Designed to be a common utility c and library for reading nexus hdf5 files from miniapp implementations. This is intended to help remove differences between parsing of image files between implementations.
There are both C and C++ API interfaces to the library.
Add this directory as a subdirectory in your CMakeLists.txt
:
add_subdirectory(../h5read h5read)
And then add as a dependency to your built targets:
target_link_libraries(${target_name} PUBLIC h5read)
All manipulation and data access happens via an opaque h5read_handle
object.
The easiest way to create an h5read_handle
is to use the provided argument
parser:
h5read_handle *obj = h5read_parse_standard_args(argc, argv);
This will parse any argument for your program as:
Usage: your_program [-h|--help] [-v] [FILE.nxs | --sample]
Options:
FILE.nxs Path to the Nexus file to parse
-h, --help Show this message
-v Verbose HDF5 message output
--sample Don't load a data file, instead use generated test data
Currently, the sample data generated by passing --sample
or calling
h5read_generate_samples()
are Eiger 2XE 16Mp data, with 1028x512px modules,
12x38px gaps and a total image size of 4363x4148px. There is a mask present
which masks off the module gap but otherwise is empty.
The intention is to provide a baseline of simple, known images to do validation from.
Index | Description |
---|---|
0 | Completely empty image. This means 16842752 valid, empty pixels. |
1 | I=1 for every unmasked pixel |
2 | Single pixels of I=100, every 42 pixels in a grid, for 10296 total. Of these pixels, 9604 are not masked. |
3 | "Random" background between 0 and 3 intensity, and zero under the masks. This is not a true random. |
h5read_handle *h5read_open(const char *master_filename)
Open a Nexus file, and return an opaque h5read_handle
pointer. This must be
released by calling h5read_free
when it is no longer required. If the
function cannot open a root nexus file, it will return NULL
.
If the function can open the base file but encounters an error reading the
child files or datasets (including unexpected data shapes), then it will print
a message to stderr and exit(1)
. These error cases may be changed to a return
of NULL
in the future.
This function is somewhat limited in the Nexus files that it will accept - it will try to accept Eiger 2XE 4M and 16M data, but can not currently accept other shaped detectors.
h5read_handle *h5read_generate_samples();
Doesn't open a Nexus file, but instead return an h5read_handle
that accesses
a set of generated sample data, as described in Generated Sample
Data of data. This also needs to be released by
calling h5read_free
when it is no longer required.
h5read_handle *h5read_parse_standard_args(int argc, char **argv)

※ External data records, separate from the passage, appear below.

text \<open>If \<open>A A = A\<close>, take \<open>x\<close> maximal in \<open>A\<close>; writing \<open>x = p q\<close> with \<open>p, q \<in> A\<close>, compatibility
  within \<open>A\<close> gives \<open>x \<le> p\<close> and \<open>x \<le> q\<close>, so \<open>p = q = x\<close> by maximality and \<open>x\<close> is idempotent.\<close>
lemma Dset_idem_elements:
  assumes A: "A \<in> D" and AA: "sm A A = A" and a: "a \<in> A"
  shows "E a"
proof -
  obtain X where X: "compatible_set X" "A = dc X" using A unfolding mem_Dset by blast
  have XS: "finite X" "X \<subseteq> S" using X(1) unfolding compatible_set_def by auto
  obtain y where y: "y \<in> X" "le a y" using a unfolding X(2) mem_down_closure by blast
  obtain x where x: "x \<in> X" "le y x" and x_max: "\<forall>w\<in>X. le x w \<longrightarrow> w = x"
    using finite_has_maximal_above[OF XS y(1)] by blast
  have xS: "x \<in> S" using x XS by auto
  have xA: "x \<in> A" unfolding X(2) mem_down_closure using x xS nat_le_refl by blast
  have maximal: "r = x" if r: "r \<in> A" "le x r" for r
  proof -
    obtain w where w: "w \<in> X" "le r w" using r(1) unfolding X(2) mem_down_closure by blast
    then have "w = x" using x_max nat_le_trans[OF r(2)] by blast
    then show "r = x" using nat_le_antisym r w by blast
  qed
  have "x \<in> sm A A" using xA AA by simp
  then obtain p q where pq: "p \<in> A" "q \<in> A" "x = m p q" unfolding mem_setmult by blast
  have pqS: "p \<in> S" "q \<in> S" using pq Dset_subset[OF A] by auto
  have "E (m (i p) x)" "E (m x (i q))"
    using Dset_compatible[OF A pq(1) xA] Dset_compatible[OF A xA pq(2)]
    unfolding compatible_def by simp_all
  then have "le (m p (m (i p) x)) p" "le (m (m x (i q)) q) q"
    using nat_le_mult_idem nat_le_idem_mult pqS by blast+
  moreover have "m p (m (i p) x) = x" "m (m x (i q)) q = x" using pq pqS by (simp_all add: mult_assoc)
  ultimately have "le x p" "le x q" by simp_all
  then have "p = x" "q = x" using maximal pq(1,2) by blast+
  then have "m x x = x" using pq(3) by metis
  then have "E x" using xS unfolding idem_def by simp
  then show "E a" using nat_le_idem nat_le_trans[OF y(2) x(2)] by blast
qed

lemma Dset_idem_if_idem_elements:
  assumes C: "C \<in> D" and idem: "\<forall>c\<in>C. E c"
  shows "sm C C = C"
proof
  show "sm C C \<subseteq> C"
  proof
    fix x assume "x \<in> sm C C"
    then obtain c d where cd: "c \<in> C" "d \<in> C" "x = m c d" unfolding mem_setmult by blast
    then have "le x d" using nat_le_idem_mult idem Dset_subset[OF C] by blast
    then show "x \<in> C" using Dset_downward[OF C cd(2)] by blast
  qed
  show "C \<subseteq> sm C C"
    using idem setmultI[of _ C _ C] unfolding idem_def by fastforce
qed

lemma Dset_mult_is_inv_idem_elements:
  assumes A: "A \<in> D" and U: "is_inv D sm A U" and x: "x \<in> sm A U"
  shows "E x"
proof -
  have UD: "U \<in> D" and AUA: "sm (sm A U) A = A" using U unfolding is_inv_def by auto
  have "sm (sm A U) (sm A U) = sm (sm (sm A U) A) U"
    using A UD Dset_subset setmult_closed setmult_assoc by metis
  then have "sm (sm A U) (sm A U) = sm A U" using AUA by simp
  then show ?thesis using Dset_idem_elements Dset_setmult[OF A UD] x by blast
qed

lemma sinv_Dset:
  assumes A: "A \<in> D"
  shows "sinv D sm A = i ` A"
proof -
  have inv: "is_inv D sm A (i ` A)" using is_inv_Dset_image_sinv[OF A] .
  have "B = i ` A" if B: "is_inv D sm A B" for B
  proof (rule is_inv_unique_if_idempotents_commute[where C = D and p = sm])
    have flip: "is_inv D sm U A" if "is_inv D sm A U" for U
      using that A unfolding is_inv_def by blast
    have "U \<in> D" if "is_inv D sm A U" for U using that unfolding is_inv_def by blast
    then show "sm (sm B A) (sm (i ` A) A) = sm (sm (i ` A) A) (sm B A)"
      "sm (sm A B) (sm A (i ` A)) = sm (sm A (i ` A)) (sm A B)"
      using setmult_idem_commute Dset_mult_is_inv_idem_elements flip A B inv by metis+
  qed (use A B inv Dset_subset setmult_assoc Dset_setmult in auto)
  then show ?thesis
    unfolding sinv_def[of D sm A] using inv by (rule the_equality[rotated])
qed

Parse an arc/argv pair of command line arguments. This will accept a filename,
or a request to use sample data with --sample
. If there is an error reading
the nexus file, then this will call exit(1)
, so the returned handle from this
function will always be valid.
If the environment variable H5READ_IMPLICIT_SAMPLE
is set, then if you do
not pass any arguments --sample
will be assumed.
h5read_free(h5read_handle *)
Frees a previously constructed handle object. It is an error to release these resources without first releasing all image data - the image objects may hold references to data held in the master object.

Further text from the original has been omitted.